*** Opening Information shown ***

(* Let $\{X_t\}$ satisfy Assumption CEV with tail index $\alpha>0$ and conditional scaling exponents $\kappa_1,\dots,\kappa_h$, and suppose that the restriction of $\nu_h$ to $[1,\infty)\times\mathbb R^h$ is a probability measure. Let $(Y_0,\dots,Y_h)$ be a random vector with this distribution. Then $\mathbb P(Y_0>y)=y^{-\alpha}$ for $y\ge1$, and the random vector $(J_1,\dots,J_h):=(Y_0^{-\kappa_1}Y_1,\dots,Y_0^{-\kappa_h}Y_h)$ is independent of $Y_0$; consequently $(Y_0,Y_1,\dots,Y_h)\overset{d}{=}(Y_0,Y_0^{\kappa_1}J_1,\dots,Y_0^{\kappa_h}J_h)$ with $Y_0$ standard Pareto with index $\alpha$ independent of $(J_1,\dots,J_h)$.
   Context: Assumption CEV: $\{X_t\}_{t\in\mathbb Z}$ is a real-valued time series (not necessarily stationary). There exist positive scaling functions $b_j$, $j\ge1$, and, for each $h\ge1$, a nonzero Radon measure $\nu_h$ on $(0,\infty]\times[-\infty,\infty]^h$ such that $$\frac{1}{\mathbb P(X_0>x)}\,\mathbb P\Big(\Big(\frac{X_0}{x},\frac{X_1}{b_1(x)},\dots,\frac{X_h}{b_h(x)}\Big)\in\cdot\Big)\to\nu_h$$ vaguely on $(0,\infty]\times[-\infty,\infty]^h$ as $x\to\infty$ (relatively compact sets of this space are those whose points have first coordinate bounded below by some $\epsilon>0$), and for every $y_0>0$: (a) the measure $\nu_h([y_0,\infty]\times\cdot)$ on $\mathbb R^h$ is not concentrated on a line through infinity; (b) the measure $\nu_h([y_0,\infty]\times\cdot)$ on $\mathbb R^h$ is not concentrated on a hyperplane; (c) the measure $\nu_h(\cdot\times\mathbb R^h)$ on $(0,\infty]$ is not concentrated at $\{\infty\}$. Under this assumption $\mathbb P(X_0>x)$ is regularly varying with index $-\alpha$ for some $\alpha>0$, each $b_j$ is regularly varying with some index $\kappa_j\in\mathbb R$ (the lag-$j$ conditional scaling exponent), and $\nu_h((ty_0,\infty]\times\prod_i[-\infty,t^{\kappa_i}y_i])=t^{-\alpha}\nu_h((y_0,\infty]\times\prod_i[-\infty,y_i])$ for $t>0$. *)

theory Defs
  imports "HOL-Probability.Probability"
begin
(* For every integer $r\ge 0$, the graph invariants $P_*^{(r)}$ and $\alpha_*^{(r)}$ are equivalent, i.e. for all graphs $G,H$: $P_*^{(r)}(G)=P_*^{(r)}(H)$ if and only if $\alpha_*^{(r)}(G)=\alpha_*^{(r)}(H)$.
   Context: Graphs are finite, simple and undirected; an $n$-vertex graph $G$ has $V(G)=\{1,\dots,n\}$ and adjacency matrix $A$. Let $\mu_1<\mu_2<\dots<\mu_m$ be the pairwise distinct eigenvalues of $A$, $E_i$ the eigenspace of $\mu_i$, and $P_i$ the matrix of the orthogonal projection of $\mathbb{R}^n$ onto $E_i$. For a vertex pair $(x,y)$ let $P_*(x,y)=(P_1(x,y),\dots,P_m(x,y))$. Let $\mathrm{e}_x$ be the standard basis vector. Let $\alpha_{i,x}=\|P_i\mathrm{e}_x\|$ (the cosine of the angle between $\mathrm{e}_x$ and $E_i$), and let $\alpha_{i,xy}$ be the cosine of the angle between $P_i\mathrm{e}_x$ and $P_i\mathrm{e}_y$, with $\alpha_{i,xy}=0$ if $P_i\mathrm{e}_x=0$ or $P_i\mathrm{e}_y=0$. Define $\alpha_i(x,x)=\alpha_{i,x}$, $\alpha_i(x,y)=\alpha_{i,xy}$ for $x\neq y$, and $\alpha_*(x,y)=(\alpha_1(x,y),\dots,\alpha_m(x,y))$. General framework: for a pair coloring $\chi$ (a map assigning to each graph $G$ and each $(x,y)\in V(G)^2$ a value $\chi(x,y)$, invariant under isomorphisms) define vertex colorings $\chi_0(x)=\chi(x,x)$, $\chi_{r+1}(x)=\big(\chi_r(x),\{\!\{(\chi(x,y),\chi_r(y))\}\!\}_{y\in V(G)}\big)$ for integers $r\ge0$, and $\chi_{1/2}(x)=\big(\chi(x,x),\{\!\{\chi(x,y)\}\!\}_{y\in V(G)}\big)$, where $\{\!\{\cdot\}\!\}$ denotes a multiset. The graph invariant $\chi^{(r)}$ is $\chi^{(r)}(G)=\{\!\{\chi_r(x)\}\!\}_{x\in V(G)}$. Two invariants $\mathcal I,\mathcal I'$ are equivalent if each determines the other, i.e. $\mathcal I(G)=\mathcal I(H)\iff \mathcal I'(G)=\mathcal I'(H)$ for all graphs $G,H$. *)

theory Defs
  imports Complex_Main "HOL-Library.Multiset"
begin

*** Closing Information shown ***

Work instructions.
Which lines of the data contain the string "imports"? Copy each of them.

Exercise answer.
  imports "HOL-Probability.Probability"
  imports Complex_Main "HOL-Library.Multiset"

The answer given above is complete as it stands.